Real products give investors something to measure and value, said Ted Greene, former president of Hybritech, an early success story in biotechnology annals.

Greene engineered the sale of San Diego-based Hybritech, a monoclonal antibody manufacturer, to Eli Lilly for $480 million in 1986, making millionaires out of himself and other key players in the company. He now heads Amylin, another young biotechnology company based in San Diego that is developing diabetes treatments.

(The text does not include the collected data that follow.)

lemma ideal_soc_succ:
  assumes i: "ideal I R"
  shows "ideal (soc_succ R I) R"
proof -
  define S where "S = soc_succ R I"
  have rI: "right_ideal R I" using ideal_right_ideal[OF i] .
  have rS: "right_ideal R S" unfolding S_def by (rule right_ideal_soc_succ[OF rI])
  define W where "W = \<Inter>{{x \<in> S. a \<otimes> x \<in> S} | a. a \<in> carrier R}"
  have rW: "right_ideal R W"
    unfolding W_def using right_ideal_left_preimage[OF rS rS] by (intro right_ideal_Inter) auto
  have IW: "I \<subseteq> W"
    unfolding W_def S_def using soc_succ_ge[of I R] ideal.I_l_closed[OF i] by blast
  have MW: "M \<subseteq> W" if M: "minimal_over R I M" for M
  proof -
    have "a \<otimes> m \<in> S" if a: "a \<in> carrier R" and m: "m \<in> M" for a m
      using minimal_over_left_mult_cases[OF i M a]
    proof
      assume "\<forall>m\<in>M. a \<otimes> m \<in> I"
      then show ?thesis using m soc_succ_ge[of I R] unfolding S_def by blast
    next
      assume "minimal_over R I (I <+> (\<otimes>) a ` M) \<and> mod_iso R I M I (I <+> (\<otimes>) a ` M)"
      then have "I <+> (\<otimes>) a ` M \<subseteq> S" unfolding S_def using minimal_over_subset_soc_succ by blast
      moreover have "a \<otimes> m \<in> I <+> (\<otimes>) a ` M"
        using set_add_upper2[OF rI right_ideal_left_image[OF minimal_over_right_ideal[OF M] a]] m
        by blast
      ultimately show ?thesis by blast
    qed
    then show ?thesis
      unfolding W_def using minimal_over_subset_soc_succ[OF M] unfolding S_def by blast
  qed
  have "S \<subseteq> W" unfolding S_def using soc_succ_least[OF rW IW MW] .
  then show ?thesis
    using ideal_of_right_ideal[OF rS] unfolding S_def W_def by blast
qed

abbreviation set_add_list :: "'a set list \<Rightarrow> 'a set \<Rightarrow> 'a set" where
  "set_add_list Ms B \<equiv> foldr (\<lambda>M A. M <+> A) Ms B"

lemma right_ideal_set_add_list:
  "right_ideal R B \<Longrightarrow> (\<forall>M\<in>set Ms. right_ideal R M) \<Longrightarrow>
    right_ideal R (set_add_list Ms B) \<and> B \<subseteq> set_add_list Ms B"
proof (induction Ms)
  case (Cons M Ms)
  then have "right_ideal R M" "right_ideal R (set_add_list Ms B)" "B \<subseteq> set_add_list Ms B" by auto
  then show ?case
    using right_ideal_set_add[of M "set_add_list Ms B"] set_add_upper2[of M "set_add_list Ms B"]
      by auto
qed simp

lemma set_add_list_add:
  assumes B: "right_ideal R B" and IB: "I \<subseteq> B" and I: "right_ideal R I"
  shows "(\<forall>M\<in>set Ms. right_ideal R M) \<Longrightarrow> x \<in> set_add_list Ms I \<Longrightarrow> y \<in> B \<Longrightarrow>
    x \<oplus> y \<in> set_add_list Ms B"
proof (induction Ms arbitrary: x)
  case Nil
  then show ?case using IB right_idealD(3)[OF B] by auto
next
  case (Cons M Ms)
  from Cons.prems obtain m x' where mx: "m \<in> M" "x' \<in> set_add_list Ms I" "x = m \<oplus> x'"
    by (auto simp: set_add_iff)
  have "m \<in> carrier R" "x' \<in> carrier R"
    using mx Cons.prems right_ideal_set_add_list[OF I] right_ideal_mem_carrier by auto
  then have "x \<oplus> y = m \<oplus> (x' \<oplus> y)"
    using mx(3) Cons.prems(3) right_ideal_mem_carrier[OF B] by (simp add: a_assoc)
  moreover have "x' \<oplus> y \<in> set_add_list Ms B" using Cons mx by simp
  ultimately show ?case using mx(1) by (auto simp: set_add_iff)
qed

lemma right_ideal_sum_simples:
  "right_ideal R I \<Longrightarrow> \<forall>M\<in>set Ms. minimal_over R I M \<Longrightarrow>
    right_ideal R (set_add_list Ms I) \<and> I \<subseteq> set_add_list Ms I"
  by (rule right_ideal_set_add_list) (auto simp: minimal_over_def)

definition simple_sums :: "'a set \<Rightarrow> 'a set" where
  "simple_sums I = {x. \<exists>Ms. (\<forall>M\<in>set Ms. minimal_over R I M) \<and> x \<in> set_add_list Ms I}"

lemma soc_succ_subset_simple_sums:
  assumes I: "right_ideal R I"
  shows "soc_succ R I \<subseteq> simple_sums I"
proof (rule soc_succ_least)
  have sums: "right_ideal R (set_add_list Ms I)" if "\<forall>M\<in>set Ms. minimal_over R I M" for Ms
    using right_ideal_sum_simples[OF I that] by blast
  show "right_ideal R (simple_sums I)"
    unfolding right_ideal_iff
  proof (intro conjI ballI)
    show "\<zero> \<in> simple_sums I" unfolding simple_sums_def using right_idealD(2)[OF I]
      by (auto intro: exI[of _ "[]"])
    show "simple_sums I \<subseteq> carrier R"
      unfolding simple_sums_def using sums right_ideal_mem_carrier by blast
    fix x assume "x \<in> simple_sums I"
    then obtain Ms where Ms: "\<forall>M\<in>set Ms. minimal_over R I M" "x \<in> set_add_list Ms I"
      unfolding simple_sums_def by blast
    show "\<ominus> x \<in> simple_sums I"
      using right_idealD(4)[OF sums[OF Ms(1)] Ms(2)] Ms(1) unfolding simple_sums_def by blast
    show "x \<otimes> r \<in> simple_sums I" if "r \<in> carrier R" for r
      using right_idealD(5)[OF sums[OF Ms(1)] Ms(2) that] Ms(1) unfolding simple_sums_def by blast
    show "x \<oplus> y \<in> simple_sums I" if y: "y \<in> simple_sums I" for y
    proof -
      obtain Ns where Ns: "\<forall>M\<in>set Ns. minimal_over R I M" "y \<in> set_add_list Ns I"
        using y unfolding simple_sums_def by blast
      have "x \<oplus> y \<in> set_add_list Ms (set_add_list Ns I)"
        using set_add_list_add[OF sums[OF Ns(1)] _ I _ Ms(2) Ns(2)] Ms(1)
          right_ideal_sum_simples[OF I Ns(1)] minimal_over_right_ideal by blast
      then show ?thesis using Ms(1) Ns(1) unfolding simple_sums_def
        by (intro CollectI exI[of _ "Ms @ Ns"]) auto
    qed
  qed
  show "I \<subseteq> simple_sums I" unfolding simple_sums_def by (auto intro: exI[of _ "[]"])
  show "M \<subseteq> simple_sums I" if M: "minimal_over R I M" for M
    using set_add_upper1[OF minimal_over_right_ideal[OF M] I] M unfolding simple_sums_def
    by (intro subsetI CollectI exI[of _ "[M]"]) auto
qed

lemma minimal_over_below_set_add_list:
  assumes I: "right_ideal R I"
  shows "(\<forall>M\<in>set Ms. minimal_over R I M) \<Longrightarrow> right_ideal R N \<Longrightarrow> I \<subseteq> N \<Longrightarrow>
    N \<subseteq> set_add_list Ms I \<Longrightarrow> N \<noteq> I \<Longrightarrow> \<exists>M. minimal_over R I M \<and> M \<subseteq> N"
proof (induction Ms arbitrary: N)
  case (Cons M Ms)
  define S where "S = set_add_list Ms I"
  have rS: "right_ideal R S" and IS: "I \<subseteq> S"
    unfolding S_def using right_ideal_sum_simples[OF I] Cons.prems(1) by auto
  have M: "minimal_over R I M" and rN: "right_ideal R N" and IN: "I \<subseteq> N"
    and NMS: "N \<subseteq> M <+> S" and NI: "N \<noteq> I"
    using Cons.prems unfolding S_def by auto
  show ?case
  proof (cases "N \<inter> S = I")
    case False
    then show ?thesis
      using Cons.IH[of "N \<inter> S"] Cons.prems right_ideal_Int[OF rN rS] IN IS unfolding S_def by auto
  next
    case True
    then have "\<not> N \<subseteq> S" using NI by blast
    then have "\<not> M \<subseteq> S" using NMS set_add_absorb2[OF minimal_over_right_ideal[OF M] rS] by auto
    then have K: "minimal_over R S (M <+> S)" using minimal_over_set_add_cases[OF M rS IS] by blast
    have "N <+> S = S \<or> N <+> S = M <+> S"
      using between_minimal_set_add[OF M rS IS right_ideal_set_add[OF rN rS]]
        set_add_upper2[OF rN rS]
          set_add_least[OF right_ideal_set_add[OF minimal_over_right_ideal[OF M] rS]
          NMS set_add_upper2[OF minimal_over_right_ideal[OF M] rS]] by blast
    then have "N <+> S = M <+> S" using \<open>\<not> N \<subseteq> S\<close> set_add_upper1[OF rN rS] by auto
    then show ?thesis using minimal_over_diamond[OF K rN IN I IS True] by blast
  qed
qed simp

lemma minimal_over_below_soc_succ:
  assumes I: "right_ideal R I" and N: "right_ideal R N" "I \<subseteq> N" "N \<subseteq> soc_succ R I" "N \<noteq> I"
  shows "\<exists>M. minimal_over R I M \<and> M \<subseteq> N"
proof -
  obtain x where x: "x \<in> N" "x \<notin> I" using N by blast
  then have "x \<in> simple_sums I" using N soc_succ_subset_simple_sums[OF I] by blast
  then obtain Ms where Ms: "\<forall>M\<in>set Ms. minimal_over R I M" "x \<in> set_add_list Ms I"
    unfolding simple_sums_def by blast
  have "right_ideal R (set_add_list Ms I)" "I \<subseteq> set_add_list Ms I"
    using right_ideal_sum_simples[OF I Ms(1)] by auto
  then have "\<exists>M. minimal_over R I M \<and> M \<subseteq> N \<inter> set_add_list Ms I"
    using minimal_over_below_set_add_list[OF I Ms(1) right_ideal_Int[OF N(1)]] N x Ms by auto
  then show ?thesis by blast
qed

end

lemma socle_term_zero_subset: "socle_term R T \<Longrightarrow> {\<zero>\<^bsub>R\<^esub>} \<subseteq> T"
proof (induction rule: socle_term.induct)
  case (succ I)
  then show ?case using soc_succ_ge[of I R] by blast
qed blast+

text \<open>
  As there are no ordinals at hand, the chain
  property is proved by two nested inductions over \<^const>\<open>socle_term\<close>, the inner one relative to
  a term \<open>m\<close> whose successor dominates every smaller term.\<close>

lemma socle_term_subset_or_succ_subset:
  assumes m: "socle_term R m" and below: "\<forall>n. socle_term R n \<longrightarrow> n \<subset> m \<longrightarrow> soc_succ R n \<subseteq> m"
  shows "socle_term R n \<Longrightarrow> n \<subseteq> m \<or> soc_succ R m \<subseteq> n"
proof (induction rule: socle_term.induct)
  case zero
  then show ?case using socle_term_zero_subset[OF m] by blast
next
  case (succ n')
  from succ.IH show ?case
  proof
    assume "n' \<subseteq> m"
    then consider "n' \<subset> m" | "n' = m" by blast
    then show ?thesis
    proof cases
      case 1
      then show ?thesis using below succ.hyps by blast
    qed simp
  next
    assume "soc_succ R m \<subseteq> n'"
    then show ?thesis using soc_succ_ge[of n' R] by blast
  qed
next
  case (union C)
  then show ?case by blast
qed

"People now know how to analyze these companies," Greene said. "Back in 1980, you were looking at a Nobel laureate, a concept and management that said somehow it would figure out a way to make money."

Greene has witnessed--and profited from--the evolution of biotechnology, an industry that sprang, he said, from two critical scientific breakthroughs in the early 1970s.

The first was the recombinant DNA process developed by a Stanford University-UC-San Francisco research team. The process involves extracting DNA molecules from mammalian cells and inserting them into bacteria cells to promote the rapid growth of a desired protein. The bacteria cells in effect become tiny factories.

Teaming with Eli Lilly, Genentech in 1982 became the first company to manufacture a successful recombinant DNA product--Humulin, the first synthetic human insulin. Until then, insulin for diabetics was available in usable quantities only from pigs.

The other major bioengineering technique was the so-called hybridoma method developed at Cambridge University, where cells were literally fused together in centrifuges to produce highly concentrated disease-fighting organisms called monoclonal antibodies. A cancer cell and red blood cell, for example, would be fused together to produce material that would retain the disease-fighting antibody properties from the blood cell and vigorous growth features of cancer cells. San Diego's Hybritech sold the first successful monoclonal antibody products, all diagnostic in nature, beginning in the early 1980s.

But because of the immense complexity of the biotechnology and the labyrinthine course of the FDA approval process, marketable drugs have been few and far between. In fact, drugs so far have averaged eight years of development each. Because of their low number and the mysterious nature of the science, an inordinate amount of publicity has greeted each product introduction, often leading to outlandish expectations for "magic bullet" drugs.

Among investors, such expectations sometimes led to stock market frenzy, the best-known example of which was the spectacular leap in Genentech's stock price after its initial public offering in 1980. The stock debuted at $35 share, and investors quickly bid it up to $80.